definition forest_excess :: "ptree list \<Rightarrow> nat" where
  "forest_excess ts = sum_list (map excess ts) + length ts - 1"

definition trees :: "nat \<Rightarrow> ptree set" where
  "trees m = {\<tau>. wf_ptree \<tau> \<and> leaves \<tau> = m}"

definition forests :: "nat \<Rightarrow> ptree list set" where
  "forests m = {ts. ts \<noteq> [] \<and> (\<forall>s\<in>set ts. wf_ptree s) \<and> sum_list (map leaves ts) = m}"

text \<open>The redundant index \<open>i = leaves a\<close> turns sums over \<open>splits m\<close> into convolutions.\<close>

definition splits :: "nat \<Rightarrow> (nat \<times> ptree \<times> ptree list) set" where
  "splits m = (SIGMA i:{..m}. trees i \<times> forests (m - i))"

lemma excess_ivert_leaves: "wf_ptree \<tau> \<Longrightarrow> excess \<tau> + ivert \<tau> + 1 = leaves \<tau>"
proof (induction \<tau>)
  case (Node ts)
  then have "sum_list (map leaves ts) = sum_list (map (\<lambda>s. excess s + ivert s + 1) ts)"
    by (intro arg_cong[where f = sum_list] map_cong) auto
  also have "\<dots> = sum_list (map excess ts) + sum_list (map ivert ts) + length ts"
    by (induction ts) auto
  finally show ?case using Node.prems by auto
qed simp

lemma leaves_ge_1: "wf_ptree \<tau> \<Longrightarrow> 1 \<le> leaves \<tau>"
  using excess_ivert_leaves[of \<tau>] by simp

lemma excess_Node_Cons: "r \<noteq> [] \<Longrightarrow> excess (Node (a # r)) = excess a + forest_excess r"
  by (cases r) (auto simp: forest_excess_def)

lemma forest_excess_Cons: "r \<noteq> [] \<Longrightarrow> forest_excess (a # r) = Suc (excess a + forest_excess r)"
  by (cases r) (auto simp: forest_excess_def)

lemma forest_excess_singleton [simp]: "forest_excess [a] = excess a"
  by (simp add: forest_excess_def)

lemma trees_0 [simp]: "trees 0 = {}"
  using leaves_ge_1 by (force simp: trees_def)

lemma forests_0 [simp]: "forests 0 = {}"
  using leaves_ge_1 by (fastforce simp: forests_def neq_Nil_conv)

lemma trees_decomp:
  "trees m = (if m = 1 then {Leaf} else {}) \<union> (\<lambda>(i, a, r). Node (a # r)) ` splits m"
proof (intro equalityI subsetI)
  fix \<tau> assume \<tau>: "\<tau> \<in> trees m"
  show "\<tau> \<in> (if m = 1 then {Leaf} else {}) \<union> (\<lambda>(i, a, r). Node (a # r)) ` splits m"
  proof (cases \<tau>)
    case (Node ts)
    with \<tau> obtain a r where ts: "ts = a # r" "r \<noteq> []"
      by (cases ts; cases "tl ts") (auto simp: trees_def)
    with \<tau> Node have "(leaves a, a, r) \<in> splits m"
      by (auto simp: splits_def trees_def forests_def)
    then show ?thesis using Node ts by force
  qed (use \<tau> in \<open>simp add: trees_def\<close>)
qed (auto simp: trees_def splits_def forests_def Suc_le_eq split: if_splits)

lemma trees_1: "trees 1 = {Leaf}"
  by (subst trees_decomp) (auto simp: splits_def le_Suc_eq)

lemma forests_decomp:
  "forests m = (\<lambda>a. [a]) ` trees m \<union> (\<lambda>(i, a, r). a # r) ` splits m"
proof (intro equalityI subsetI)
  fix ts assume ts: "ts \<in> forests m"
  then obtain a r where ar: "ts = a # r"
    by (cases ts) (auto simp: forests_def)
  show "ts \<in> (\<lambda>a. [a]) ` trees m \<union> (\<lambda>(i, a, r). a # r) ` splits m"
  proof (cases "r = []")
    case False
    with ts ar have "(leaves a, a, r) \<in> splits m"
      by (auto simp: splits_def trees_def forests_def)
    then show ?thesis using ar by force
  qed (use ts ar in \<open>auto simp: trees_def forests_def\<close>)
qed (auto simp: trees_def splits_def forests_def)

lemma inj_on_splits_Node: "inj_on (\<lambda>(i, a, r). Node (a # r)) (splits m)"
  by (auto simp: inj_on_def splits_def trees_def)

lemma inj_on_splits_Cons: "inj_on (\<lambda>(i, a, r). a # r) (splits m)"
  by (auto simp: inj_on_def splits_def trees_def)

lemma finite_trees_forests: "finite (trees m) \<and> finite (forests m)"
proof (induction m rule: less_induct)
  case (less m)
  have "finite (trees i \<times> forests (m - i))" if "i \<le> m" for i
    using less that by (cases "i = 0 \<or> i = m") auto
  then have "finite (splits m)"
    by (auto simp: splits_def intro: finite_SigmaI)
  then have "finite (trees m)"
    by (subst trees_decomp) auto
  with \<open>finite (splits m)\<close> show ?case
    by (subst forests_decomp) auto
qed

lemma finite_splits: "finite (splits m)"
  using finite_trees_forests by (auto simp: splits_def intro: finite_SigmaI)

definition tree_fps :: "'a::comm_ring_1 \<Rightarrow> 'a fps" where
  "tree_fps t = Abs_fps (\<lambda>m. \<Sum>\<tau>\<in>trees m. t ^ excess \<tau>)"

definition forest_fps :: "'a::comm_ring_1 \<Rightarrow> 'a fps" where
  "forest_fps t = Abs_fps (\<lambda>m. \<Sum>ts\<in>forests m. t ^ forest_excess ts)"

lemma sum_splits_eq_mult_nth:
  "(\<Sum>(i, a, r)\<in>splits m. t ^ excess a * t ^ forest_excess r) = (tree_fps t * forest_fps t) $ m"
proof -
  have "(\<Sum>(i, a, r)\<in>splits m. t ^ excess a * t ^ forest_excess r)
      = (\<Sum>i\<le>m. \<Sum>(a, r)\<in>trees i \<times> forests (m - i). t ^ excess a * t ^ forest_excess r)"
    unfolding splits_def using finite_trees_forests
    by (subst sum.Sigma) (auto simp: case_prod_unfold)
  also have "\<dots> = (tree_fps t * forest_fps t) $ m"
    by (simp add: fps_mult_nth tree_fps_def forest_fps_def atLeast0AtMost
        sum_product sum.cartesian_product)
  finally show ?thesis .
qed

lemma tree_fps_eq: "tree_fps t = fps_X + tree_fps t * forest_fps t"
proof (rule fps_ext)
  fix m
  let ?w = "\<lambda>\<tau>. t ^ excess \<tau>"
  have "tree_fps t $ m = (\<Sum>\<tau>\<in>trees m. ?w \<tau>)"
    by (simp add: tree_fps_def)
  also have "\<dots> = (\<Sum>\<tau>\<in>(if m = 1 then {Leaf} else {}). ?w \<tau>)
      + (\<Sum>\<tau>\<in>(\<lambda>(i, a, r). Node (a # r)) ` splits m. ?w \<tau>)"
    using finite_splits by (subst trees_decomp) (rule sum.union_disjoint; auto)
  also have "(\<Sum>\<tau>\<in>(if m = 1 then {Leaf} else {}). ?w \<tau>) = fps_X $ m"
    by (auto simp: fps_X_def)
  also have "(\<Sum>\<tau>\<in>(\<lambda>(i, a, r). Node (a # r)) ` splits m. ?w \<tau>)
      = (\<Sum>(i, a, r)\<in>splits m. t ^ excess a * t ^ forest_excess r)"
    by (subst sum.reindex[OF inj_on_splits_Node], intro sum.cong)
      (auto simp: splits_def forests_def excess_Node_Cons power_add simp del: excess.simps)
  finally show "tree_fps t $ m = (fps_X + tree_fps t * forest_fps t) $ m"
    by (simp add: sum_splits_eq_mult_nth)
qed

lemma forest_fps_eq: "forest_fps t = tree_fps t + fps_const t * (tree_fps t * forest_fps t)"
proof (rule fps_ext)
  fix m
  have "forest_fps t $ m = (\<Sum>ts\<in>forests m. t ^ forest_excess ts)"
    by (simp add: forest_fps_def)
  also have "\<dots> = (\<Sum>ts\<in>(\<lambda>a. [a]) ` trees m. t ^ forest_excess ts)
      + (\<Sum>ts\<in>(\<lambda>(i, a, r). a # r) ` splits m. t ^ forest_excess ts)"
    using finite_splits finite_trees_forests
    by (subst forests_decomp) (auto intro: sum.union_disjoint simp: splits_def forests_def)
  also have "(\<Sum>ts\<in>(\<lambda>a. [a]) ` trees m. t ^ forest_excess ts) = tree_fps t $ m"
    by (subst sum.reindex) (auto simp: inj_on_def tree_fps_def)
  also have "(\<Sum>ts\<in>(\<lambda>(i, a, r). a # r) ` splits m. t ^ forest_excess ts)
      = t * (\<Sum>(i, a, r)\<in>splits m. t ^ excess a * t ^ forest_excess r)"
    by (subst sum.reindex[OF inj_on_splits_Cons], subst sum_distrib_left, intro sum.cong)
      (auto simp: splits_def forests_def forest_excess_Cons power_add)
  finally show "forest_fps t $ m = (tree_fps t + fps_const t * (tree_fps t * forest_fps t)) $ m"
    by (simp add: sum_splits_eq_mult_nth)
qed

lemma tree_fps_quadratic:
  "tree_fps t = fps_X + tree_fps t * (tree_fps t + fps_const t * (tree_fps t - fps_X))"
proof -
  have "tree_fps t * forest_fps t = tree_fps t - fps_X"
    using tree_fps_eq[of t] by (metis add_diff_cancel_left')
  then have "forest_fps t = tree_fps t + fps_const t * (tree_fps t - fps_X)"
    using forest_fps_eq[of t] by simp
  then show ?thesis
    using tree_fps_eq[of t] by simp
qed

lemma poincare_eq_tree_fps_nth: "poincare n t = tree_fps t $ Suc n"
proof -
  have "n - ivert \<tau> = excess \<tau>" if "\<tau> \<in> trees (Suc n)" for \<tau>
    using that excess_ivert_leaves[of \<tau>] by (simp add: trees_def)
  then show ?thesis
    by (simp add: poincare_def tree_fps_def T_def trees_def)
qed

lemma tree_fps_reflect: "tree_fps t oo - fps_X = - fps_X * (1 + fK t)"
proof (rule fps_ext)
  fix n
  show "(tree_fps t oo - fps_X) $ n = (- fps_X * (1 + fK t)) $ n"
  proof (cases n)
    case 0
    then show ?thesis by (simp add: fps_compose_uminus' tree_fps_def)
  next
    case (Suc k)
    have "tree_fps t $ 1 = 1"
      using trees_1 by (simp add: tree_fps_def)
    with Suc show ?thesis
      by (cases k) (simp_all add: fps_compose_uminus' fK_def poincare_eq_tree_fps_nth)
  qed
qed

lemma fK_quadratic: "fK t + fps_X * (1 + fK t) * (1 + fps_const (1 + t) * fK t) = 0"
proof -
  define B where "B = tree_fps t oo - fps_X"
  have "B = - fps_X + B * (B + fps_const t * (B + fps_X))"
    using arg_cong[OF tree_fps_quadratic[of t], of "\<lambda>f. f oo - fps_X"]
    by (simp add: B_def fps_compose_add_distrib fps_compose_mult_distrib fps_compose_sub_distrib
        fps_compose_uminus)
  moreover have "B = - fps_X * (1 + fK t)"
    unfolding B_def by (rule tree_fps_reflect)
  ultimately have "fps_X * (fK t + fps_X * (1 + fK t) * (1 + (1 + fps_const t) * fK t)) = 0"
    by algebra
  then show ?thesis
    by (simp add: fps_const_add[symmetric])
qed

lemma fK_closed_form:
  assumes "t \<noteq> -1"
  shows "fK t = (- (1 + fps_const (2 + t) * fps_X)
                  + fps_radical (\<lambda>k a. root k a) 2
                      (1 + fps_const (2 * (2 + t)) * fps_X + fps_const (t ^ 2) * fps_X ^ 2))
                 / (fps_const (2 * (1 + t)) * fps_X)"
proof -
  define b :: "real fps" where
    "b = 1 + fps_const (2 * (2 + t)) * fps_X + fps_const (t ^ 2) * fps_X ^ 2"
  define S where "S = 1 + fps_const (2 + t) * fps_X + fps_const (2 * (1 + t)) * fps_X * fK t"
  have const_eqs: "fps_const (2 + t) = 2 + fps_const t" "fps_const (1 + t) = 1 + fps_const t"
    "fps_const (2 * (2 + t)) = 2 * (2 + fps_const t)" "fps_const (2 * (1 + t)) = 2 * (1 + fps_const t)"
    "fps_const (t ^ 2) = fps_const t ^ 2"
    by (simp_all flip: fps_const_add fps_const_mult fps_const_power numeral_fps_const)
  have "S ^ 2 = b"
    using fK_quadratic[of t] unfolding S_def b_def const_eqs by algebra
  then have S: "S = fps_radical (\<lambda>k a. root k a) 2 b"
    using radical_unique[of "\<lambda>k a. root k a" 1 b S]
    by (simp add: S_def b_def numeral_2_eq_2)
  have "- (1 + fps_const (2 + t) * fps_X) + S = fK t * (fps_const (2 * (1 + t)) * fps_X)"
    by (simp add: S_def algebra_simps)
  moreover have "fps_const (2 * (1 + t)) * fps_X \<noteq> (0 :: real fps)"
    using assms by simp
  ultimately have "fK t = (- (1 + fps_const (2 + t) * fps_X) + S) / (fps_const (2 * (1 + t)) * fps_X)"
    by simp
  then show ?thesis
    unfolding S b_def .
qed

lemma geometric_fps_mult:
  "Abs_fps (\<lambda>n. c ^ n) * (1 - fps_const c * fps_X) = (1 :: 'a::comm_ring_1 fps)"
proof (rule fps_ext)
  fix n
  show "(Abs_fps (\<lambda>n. c ^ n) * (1 - fps_const c * fps_X)) $ n = (1 :: 'a fps) $ n"
    by (cases n) (simp_all add: algebra_simps)
qed

lemma fDelta_nth: "fDelta t $ n = (- 1) ^ n * (\<Sum>k<n. (1 + t) ^ k)"
  by (simp add: fDelta_def)

lemma fDelta_mult_1_plus_X: "fDelta t * (1 + fps_X) = - fps_X * Abs_fps (\<lambda>n. (- (1 + t)) ^ n)"
proof (rule fps_ext)
  fix n
  show "(fDelta t * (1 + fps_X)) $ n = (- fps_X * Abs_fps (\<lambda>n. (- (1 + t)) ^ n)) $ n"
  proof (cases n)
    case (Suc m)
    then show ?thesis
      by (simp add: fps_mult_right_fps_X_plus_1_nth fDelta_nth distrib_left
          flip: power_minus[of "1 + t", simplified])
  qed (simp add: fDelta_nth)
qed

lemma fDelta_mult_denominator:
  "fDelta t * ((1 + fps_X) * (1 + fps_const (1 + t) * fps_X)) = - fps_X"
proof -
  have "1 + fps_const (1 + t) * fps_X = 1 - fps_const (- (1 + t)) * fps_X"
    by (simp only: fps_const_neg [symmetric] mult_minus_left diff_minus_eq_add)
  then have "fDelta t * ((1 + fps_X) * (1 + fps_const (1 + t) * fps_X))
      = - fps_X * (Abs_fps (\<lambda>n. (- (1 + t)) ^ n) * (1 - fps_const (- (1 + t)) * fps_X))"
    by (simp only: mult.assoc [symmetric] fDelta_mult_1_plus_X)
  then show ?thesis
    by (simp only: geometric_fps_mult mult_1_right)
qed

lemma fDelta_closed_form: "fDelta t = - fps_X / ((1 + fps_X) * (1 + fps_const (1 + t) * fps_X))"
proof -
  have "(1 + fps_X) * (1 + fps_const (1 + t) * fps_X) \<noteq> (0 :: real fps)"
    by (rule fps_nonzeroI[of _ 0]) simp
  then show ?thesis
    using fDelta_mult_denominator[of t] by (metis nonzero_mult_div_cancel_right)
qed

lemma fDelta_compose_fK: "fDelta t oo fK t = fps_X"
proof -
  define K where "K = fK t"
  define Q where "Q = (1 + K) * (1 + fps_const (1 + t) * K)"
  have K0: "K $ 0 = 0"
    by (simp add: K_def fK_def)
  have "(fDelta t oo K) * Q = - K"
    using arg_cong[OF fDelta_mult_denominator[of t], of "\<lambda>f. f oo K"] K0
    by (simp add: Q_def fps_compose_mult_distrib fps_compose_add_distrib fps_compose_uminus)
  also have "- K = fps_X * Q"
    using fK_quadratic[of t] unfolding K_def Q_def mult.assoc by (metis add_eq_0_iff)
  finally have "(fDelta t oo K) * Q = fps_X * Q" .
  moreover have "Q \<noteq> 0"
    using K0 by (intro fps_nonzeroI[of _ 0]) (simp add: Q_def)
  ultimately show ?thesis
    unfolding K_def by simp
qed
=-=-=
What you need to do: Above are some records; copy exactly the lines from the one with "c * fps_X))" through the one with "by (simp only: mult.assoc", both included, and no others.

Finished task:
  show "(Abs_fps (\<lambda>n. c ^ n) * (1 - fps_const c * fps_X)) $ n = (1 :: 'a fps) $ n"
    by (cases n) (simp_all add: algebra_simps)
qed

lemma fDelta_nth: "fDelta t $ n = (- 1) ^ n * (\<Sum>k<n. (1 + t) ^ k)"
  by (simp add: fDelta_def)

lemma fDelta_mult_1_plus_X: "fDelta t * (1 + fps_X) = - fps_X * Abs_fps (\<lambda>n. (- (1 + t)) ^ n)"
proof (rule fps_ext)
  fix n
  show "(fDelta t * (1 + fps_X)) $ n = (- fps_X * Abs_fps (\<lambda>n. (- (1 + t)) ^ n)) $ n"
  proof (cases n)
    case (Suc m)
    then show ?thesis
      by (simp add: fps_mult_right_fps_X_plus_1_nth fDelta_nth distrib_left
          flip: power_minus[of "1 + t", simplified])
  qed (simp add: fDelta_nth)
qed

lemma fDelta_mult_denominator:
  "fDelta t * ((1 + fps_X) * (1 + fps_const (1 + t) * fps_X)) = - fps_X"
proof -
  have "1 + fps_const (1 + t) * fps_X = 1 - fps_const (- (1 + t)) * fps_X"
    by (simp only: fps_const_neg [symmetric] mult_minus_left diff_minus_eq_add)
  then have "fDelta t * ((1 + fps_X) * (1 + fps_const (1 + t) * fps_X))
      = - fps_X * (Abs_fps (\<lambda>n. (- (1 + t)) ^ n) * (1 - fps_const (- (1 + t)) * fps_X))"
    by (simp only: mult.assoc [symmetric] fDelta_mult_1_plus_X)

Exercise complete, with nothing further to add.